Introducing WaveSpeedAI LTX 2 19b Text-to-Video on WaveSpeedAI

LTX-2 19B Launches on WaveSpeedAI: Text-to-Video Generation with Synchronized Audio

The race to create production-ready AI video generators just reached a new milestone. LTX-2 19B, Lightricks’ groundbreaking text-to-video foundation model, is now available on WaveSpeedAI—bringing synchronized audio-video generation, multiple performance modes, and up to 20-second clips to creators, marketers, and developers.

Unlike traditional video AI models that generate silent clips requiring separate audio post-production, LTX-2 19B produces complete audiovisual experiences in a single pass. Footsteps sync perfectly with walking animations. Ambient soundscapes match the visual environment. Speech-like tones and environmental audio emerge naturally from your text prompt—no audio editing required.

What is LTX-2 19B?

LTX-2 19B is the first DiT-based (Diffusion Transformer) audio-video foundation model to combine synchronized sound and video generation in one unified system. With 19 billion parameters, it represents a fundamental architectural shift in how AI generates multimedia content.

Released by Lightricks in late 2025 and now fully open-sourced, LTX-2 has already been recognized as one of the most developer-friendly video AI models on the market. It runs efficiently on consumer GPUs, delivers production-ready outputs at resolutions up to 1080p, and—critically for WaveSpeedAI users—is available through a ready-to-use REST API with no cold starts and affordable per-second pricing.

The model supports flexible aspect ratios (16:9 landscape and 9:16 vertical), variable durations from 5 to 20 seconds, and three resolution tiers (480p, 720p, 1080p) to balance quality, speed, and cost.

Key Features That Set LTX-2 Apart

Synchronized Audio-Video Generation

The defining feature of LTX-2 is its ability to generate audio that naturally aligns with visual content. When you prompt for “a thunderstorm over a city skyline,” you get lightning flashes and the rumble of thunder. A “jazz pianist performing in a dim club” produces not just animated hands on keys, but the ambient soundscape of a live performance.

This isn’t background music layered on top—it’s contextual audio generated through the same diffusion process that creates the visuals, ensuring temporal and semantic alignment.

Production-Ready Quality

LTX-2 19B has been benchmarked against top-tier competitors like Sora 2 and Kling 2.6. While Sora 2 leads in photorealism for certain use cases, LTX-2 delivers a compelling balance: naturally reactive characters, temporally consistent motion, and—uniquely—20-second video generation, compared to Sora 2’s 12-second cap.
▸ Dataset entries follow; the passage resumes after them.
(* Let $R$ be an associative ring with identity and involution $*$, and let $a\in R^{\#}\cap R^{\dagger}$. Then $a\in R^{SEP}$ if and only if $a^{\dagger}a^2$ is a left $(a^{\dagger})^*$-idempotent, i.e. $(a^{\dagger}a^2)^2=(a^{\dagger})^*a^{\dagger}a^2$.
   Context: An involution on $R$ is a map $x\mapsto x^*$ with $(x^* )^*=x$, $(x+y)^*=x^*+y^*$, $(xy)^*=y^*x^*$. An element $a$ is Moore–Penrose invertible if there is $b$ with $aba=a$, $bab=b$, $(ab)^*=ab$, $(ba)^*=ba$; such $b$ is unique, denoted $a^{\dagger}$, and $R^{\dagger}$ is the set of such $a$. An element $a$ is group invertible if there is $b$ with $aba=a$, $bab=b$, $ab=ba$; such $b$ is unique, denoted $a^{\#}$, and $R^{\#}$ is the set of such $a$. For $a\in R^{\#}\cap R^{\dagger}$, $a$ is SEP if $a^*=a^{\dagger}=a^{\#}$; $R^{SEP}$ denotes the set of SEP elements. For $e,c\in R$, $e$ is a left $c$-idempotent if $e^2=ce$. *)

theory Defs
  imports Main
begin

definition involution :: "('a::ring_1 \<Rightarrow> 'a) \<Rightarrow> bool" where
  "involution st \<longleftrightarrow> (\<forall>x. st (st x) = x) \<and> (\<forall>x y. st (x + y) = st x + st y)
     \<and> (\<forall>x y. st (x * y) = st y * st x)"

definition is_mp_inverse :: "('a::ring_1 \<Rightarrow> 'a) \<Rightarrow> 'a \<Rightarrow> 'a \<Rightarrow> bool" where
  "is_mp_inverse st a b \<longleftrightarrow> a * b * a = a \<and> b * a * b = b
     \<and> st (a * b) = a * b \<and> st (b * a) = b * a"

definition mp_invertible :: "('a::ring_1 \<Rightarrow> 'a) \<Rightarrow> 'a \<Rightarrow> bool" where
  "mp_invertible st a \<longleftrightarrow> (\<exists>b. is_mp_inverse st a b)"

definition mp_inv :: "('a::ring_1 \<Rightarrow> 'a) \<Rightarrow> 'a \<Rightarrow> 'a" where
  "mp_inv st a = (THE b. is_mp_inverse st a b)"

definition is_group_inverse :: "'a::ring_1 \<Rightarrow> 'a \<Rightarrow> bool" where
  "is_group_inverse a b \<longleftrightarrow> a * b * a = a \<and> b * a * b = b \<and> a * b = b * a"

definition group_invertible :: "'a::ring_1 \<Rightarrow> bool" where
  "group_invertible a \<longleftrightarrow> (\<exists>b. is_group_inverse a b)"

definition group_inv :: "'a::ring_1 \<Rightarrow> 'a" where
  "group_inv a = (THE b. is_group_inverse a b)"

definition SEP :: "('a::ring_1 \<Rightarrow> 'a) \<Rightarrow> 'a \<Rightarrow> bool" where
  "SEP st a \<longleftrightarrow> group_invertible a \<and> mp_invertible st a
     \<and> st a = mp_inv st a \<and> mp_inv st a = group_inv a"

definition left_idempotent :: "'a::ring_1 \<Rightarrow> 'a \<Rightarrow> bool" where
  "left_idempotent c e \<longleftrightarrow> e * e = c * e"

end

theory Submission
  imports Defs
begin

text \<open>
  Write b for the Moore-Penrose inverse and g for the group inverse of a. Since b a b = b
  and (b a)* = b a, the left idempotency condition is equivalent to b a^3 = b* a.
  Cancelling a^2 on the right with g^2 gives b a = b* g, whose adjoint b a = g* b places
  b a, and hence a, in the left ideal generated by a*; this forces a = a^2 b. Then
  g a = a b is hermitian, so g satisfies the Moore-Penrose equations and g = b, and
  b a^3 = b* a collapses to a^2 = b* a, i.e. a = b*.
\<close>

lemma involution_involutive: "involution st \<Longrightarrow> st (st x) = x"
  unfolding involution_def by blast

lemma involution_mult: "involution st \<Longrightarrow> st (x * y) = st y * st x"
  unfolding involution_def by blast

lemma is_mp_inverse_unique:
  assumes inv: "involution st" and b: "is_mp_inverse st a b" and c: "is_mp_inverse st a c"
  shows "b = c"
proof -
  note sm = involution_mult[OF inv]
  have b1: "a*b*a = a" "b*a*b = b" "st (a*b) = a*b" "st (b*a) = b*a"
    using b unfolding is_mp_inverse_def by auto
  have c1: "a*c*a = a" "c*a*c = c" "st (a*c) = a*c" "st (c*a) = c*a"
    using c unfolding is_mp_inverse_def by auto
  have "b = b * st (a*b)" using b1 by (simp add: mult.assoc)
  also have "\<dots> = b * st b * st (a*c*a)" using c1 by (simp add: sm mult.assoc)
  also have "\<dots> = b * st (a*b) * st (a*c)" by (simp add: sm mult.assoc)
  also have "\<dots> = b*a*c" using b1 c1 by (simp add: mult.assoc)
  finally have b_eq: "b = b*a*c" .
  have "c = st (c*a) * c" using c1 by (simp add: mult.assoc)
  also have "\<dots> = st (a*b*a) * st c * c" using b1 by (simp add: sm mult.assoc)
  also have "\<dots> = st (b*a) * st (c*a) * c" by (simp add: sm mult.assoc)
  also have "\<dots> = b*a*c" using b1 c1 by (simp add: mult.assoc)
  finally show ?thesis using b_eq by simp
qed

lemma mp_inv_eqI: "involution st \<Longrightarrow> is_mp_inverse st a b \<Longrightarrow> mp_inv st a = b"
  unfolding mp_inv_def using is_mp_inverse_unique by blast

lemma is_group_inverse_unique:
  fixes a b c :: "'a::ring_1"
  assumes b: "is_group_inverse a b" and c: "is_group_inverse a c"
  shows "b = c"
proof -
  have b1: "a*b*a = a" "b*a*b = b" "a*b = b*a" using b unfolding is_group_inverse_def by auto
  have c1: "a*c*a = a" "c*a*c = c" "a*c = c*a" using c unfolding is_group_inverse_def by auto
  have "b*a = b*(a*c*a)" using c1 by simp
  also have "\<dots> = (a*b*a)*c" using b1 c1 by (metis mult.assoc)
  also have "\<dots> = c*a" using b1 c1 by simp
  finally have ba: "b*a = c*a" .
  have "b = c*a*b" using b1 ba by simp
  also have "\<dots> = c*(c*a)" using b1 ba by (simp add: mult.assoc)
  also have "\<dots> = c" using c1 by (simp add: mult.assoc)
  finally show ?thesis .
qed

lemma group_inv_eqI: "is_group_inverse a b \<Longrightarrow> group_inv a = b"
  unfolding group_inv_def using is_group_inverse_unique by blast

lemma is_mp_inverse_absorb:
  assumes inv: "involution st" and b: "is_mp_inverse st a b"
  shows "st b * (b * a) = st b" and "st a * (a * b) = st a" and "b * (st b * st a) = b"
proof -
  note sm = involution_mult[OF inv]
  have b1: "a*b*a = a" "b*a*b = b" "st (a*b) = a*b" "st (b*a) = b*a"
    using b unfolding is_mp_inverse_def by auto
  have "st b * (b * a) = st b * st (b * a)" using b1 by simp
  also have "\<dots> = st (b*a*b)" by (simp add: sm mult.assoc)
  finally show "st b * (b * a) = st b" using b1 by simp
  have "st a * (a * b) = st a * st (a * b)" using b1 by simp
  also have "\<dots> = st (a*b*a)" by (simp add: sm mult.assoc)
  finally show "st a * (a * b) = st a" using b1 by simp
  have "b * (st b * st a) = b * st (a * b)" by (simp add: sm)
  then show "b * (st b * st a) = b" using b1 by (simp add: mult.assoc)
qed

lemma left_idempotent_mp_inverse_iff:
  assumes inv: "involution st" and b: "is_mp_inverse st a b"
  shows "left_idempotent (st b) (b * a^2) \<longleftrightarrow> b * a^3 = st b * a"
proof -
  have "a*b*a = a" using b unfolding is_mp_inverse_def by blast
  then have "(b * a^2) * (b * a^2) = b * a^3"
    by (simp add: power2_eq_square power3_eq_cube) (metis mult.assoc)
  moreover have "st b * (b * a^2) = st b * a"
    using is_mp_inverse_absorb(1)[OF inv b] by (simp add: power2_eq_square) (metis mult.assoc)
  ultimately show ?thesis unfolding left_idempotent_def by simp
qed

text \<open>The hypothesis puts a = a b a into R b = R a*, and a* = a* a b then yields a = a^2 b.\<close>
lemma square_mult_mp_inverse_eq_self:
  assumes inv: "involution st" and b: "is_mp_inverse st a b" and range: "b * a = c * b"
  shows "a * a * b = a"
proof -
  have aba: "a*b*a = a" using b unfolding is_mp_inverse_def by blast
  have a_eq: "a = a * c * b * st b * st a"
    using aba range is_mp_inverse_absorb(3)[OF inv b] by (metis mult.assoc)
  then have "a = a * c * b * st b * st a * a * b"
    using is_mp_inverse_absorb(2)[OF inv b] by (metis mult.assoc)
  then show ?thesis using a_eq by simp
qed

lemma group_inverse_eq_mp_inverse:
  assumes inv: "involution st" and b: "is_mp_inverse st a b" and g: "is_group_inverse a g"
    and aab: "a * a * b = a"
  shows "g = b"
proof -
  have b1: "st (a*b) = a*b" using b unfolding is_mp_inverse_def by blast
  have g1: "a*g*a = a" "g*a*g = g" "a*g = g*a" using g unfolding is_group_inverse_def by auto
  have "g * a = (g * a * a) * b" using aab by (metis mult.assoc)
  also have "g * a * a = a" using g1 by (metis mult.assoc)
  finally have "g * a = a * b" .
  then have "is_mp_inverse st a g" using g1 b1 unfolding is_mp_inverse_def by simp
  then show ?thesis using is_mp_inverse_unique[OF inv _ b] by blast
qed

lemma mp_inverse_eq_star_if_cube:
  assumes inv: "involution st" and b: "is_mp_inverse st a b" and g: "is_group_inverse a g"
    and cube: "b * a^3 = st b * a"
  shows "st a = b" and "b = g"
proof -
  have g1: "a*g*a = a" "g*a*g = g" "a*g = g*a" using g unfolding is_group_inverse_def by auto
  have b1: "st (b*a) = b*a" using b unfolding is_mp_inverse_def by blast
  have "b * a = b * a^3 * (g * g)"
    using g1 by (simp add: power3_eq_cube) (metis mult.assoc)
  also have "\<dots> = st b * g" using cube g1 by (metis mult.assoc)
  finally have "b * a = st b * g" .
  then have "b * a = st g * b"
    using b1 by (simp add: involution_mult[OF inv] involution_involutive[OF inv])
  then have aab: "a * a * b = a" by (rule square_mult_mp_inverse_eq_self[OF inv b])
  then show "b = g" using group_inverse_eq_mp_inverse[OF inv b g] by simp
  then have "a * a = st b * a"
    using cube g1 by (simp add: power3_eq_cube) (metis mult.assoc)
  then have "a = st b * (a * b)" using aab by (metis mult.assoc)
  also have "\<dots> = st b"
    using is_mp_inverse_absorb(1)[OF inv b] aab \<open>b = g\<close> g1 by (metis mult.assoc)
  finally show "st a = b" using involution_involutive[OF inv] by metis
qed

lemma SEP_iff_inverses:
  assumes inv: "involution st" and b: "is_mp_inverse st a b" and g: "is_group_inverse a g"
  shows "SEP st a \<longleftrightarrow> st a = b \<and> b = g"
  using b g unfolding SEP_def mp_invertible_def group_invertible_def
  by (auto simp: mp_inv_eqI[OF inv b] group_inv_eqI[OF g])

theorem theorem3p6:
  fixes st :: "'a::ring_1 \<Rightarrow> 'a" and a :: 'a
  assumes "involution st"
    and "group_invertible a"
    and "mp_invertible st a"
  shows "SEP st a \<longleftrightarrow>
           left_idempotent (st (mp_inv st a)) (mp_inv st a * a ^ 2)"
proof -
  obtain b where b: "is_mp_inverse st a b" using assms(3) unfolding mp_invertible_def by blast
  obtain g where g: "is_group_inverse a g" using assms(2) unfolding group_invertible_def by blast
  have "st a = b \<and> b = g \<longleftrightarrow> b * a^3 = st b * a"
  proof
    assume "st a = b \<and> b = g"
    moreover have "g*a*a = a" "a*b*a = a"
      using b g unfolding is_mp_inverse_def is_group_inverse_def by (metis mult.assoc)+
    ultimately show "b * a^3 = st b * a"
      using involution_involutive[OF assms(1)] by (simp add: power3_eq_cube) (metis mult.assoc)
  qed (use mp_inverse_eq_star_if_cube[OF assms(1) b g] in blast)
  then show ?thesis
    using SEP_iff_inverses[OF assms(1) b g] left_idempotent_mp_inverse_iff[OF assms(1) b]
    by (simp add: mp_inv_eqI[OF assms(1) b])
qed

end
According to industry comparisons, LTX-2 achieves near-parity with Sora 2 in visual quality while costing approximately 40% less per generation and offering longer duration outputs.
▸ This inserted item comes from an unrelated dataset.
(* If $(G,\sigma)$ is a signed graph and $(F,\pi)$ is a signed forest with at least one edge, then $\chi_s((G,\sigma)\,\square\,(F,\pi))=\chi_s((G,\sigma)\,\square\,K_2^+)$. In particular, for all integers $n,m\ge 2$ and all signatures $\sigma_1$ of $P_n$ and $\sigma_2$ of $P_m$, $\chi_s((P_n,\sigma_1)\,\square\,(P_m,\sigma_2))=2$.
   Context: A signed graph $(G,\sigma)$ is a simple loopless undirected graph $G$ with a signature $\sigma:E(G)\to\{+1,-1\}$. Switching a vertex $v$ negates the sign of every edge incident to $v$; two signatures are equivalent if one is obtained from the other by switching a set of vertices. A homomorphism of $(G,\sigma)$ to $(H,\pi)$ is a graph homomorphism $\varphi:G\to H$ for which there is a signature $\sigma'$ equivalent to $\sigma$ with $\pi(\varphi(u)\varphi(v))=\sigma'(uv)$ for every edge $uv$ of $G$. $\chi_s(G,\sigma)$ is the smallest order of a signed graph to which $(G,\sigma)$ admits a homomorphism. The Cartesian product $(G,\sigma)\,\square\,(H,\pi)$ has vertex set $V(G)\times V(H)$, and $(u_1,v_1)(u_2,v_2)$ is an edge of sign $s$ iff either $u_1=u_2$ and $v_1v_2\in E(H)$ with $\pi(v_1v_2)=s$, or $v_1=v_2$ and $u_1u_2\in E(G)$ with $\sigma(u_1u_2)=s$. $K_2^+$ is a single positive edge; $P_n$ is the path on $n$ vertices. *)

theory Defs
  imports Main
begin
Flexible Resolution and Aspect Ratios

WaveSpeedAI’s implementation gives you full control over output format:

480p: Fast iteration, lowest cost—ideal for rapid prototyping and testing multiple prompts
720p: Balanced quality and cost, suitable for most social media and web use cases
1080p: Maximum detail for final deliverables, presentations, and high-end content

You can switch between 16:9 landscape (YouTube, desktop) and 9:16 vertical (TikTok, Instagram Reels, Stories) to match platform requirements without additional tooling.

Variable Duration Control

Generate clips from 5 to 20 seconds—long enough to establish a narrative beat, show a product demo, or create a complete social media snippet. This extended duration sets LTX-2 apart from competitors and reduces the need for stitching multiple generations together.

Real-World Use Cases

Create TikTok, Reels, and Stories with built-in audio in seconds. No need for separate audio sourcing, licensing, or manual syncing. Prompt “skateboarding through a neon-lit tunnel” and get a complete clip ready to upload.

Product Demonstrations

Generate promotional videos with ambient sound that enhances the visual narrative. A prompt like “coffee being poured into a ceramic mug in a sunlit kitchen” produces steam, motion, and the sound of liquid hitting porcelain.

Marketing and Advertising

Produce ad content with cohesive audiovisual design. LTX-2’s ability to generate contextually appropriate audio means your product shots come with matching soundscapes—no stock audio library required.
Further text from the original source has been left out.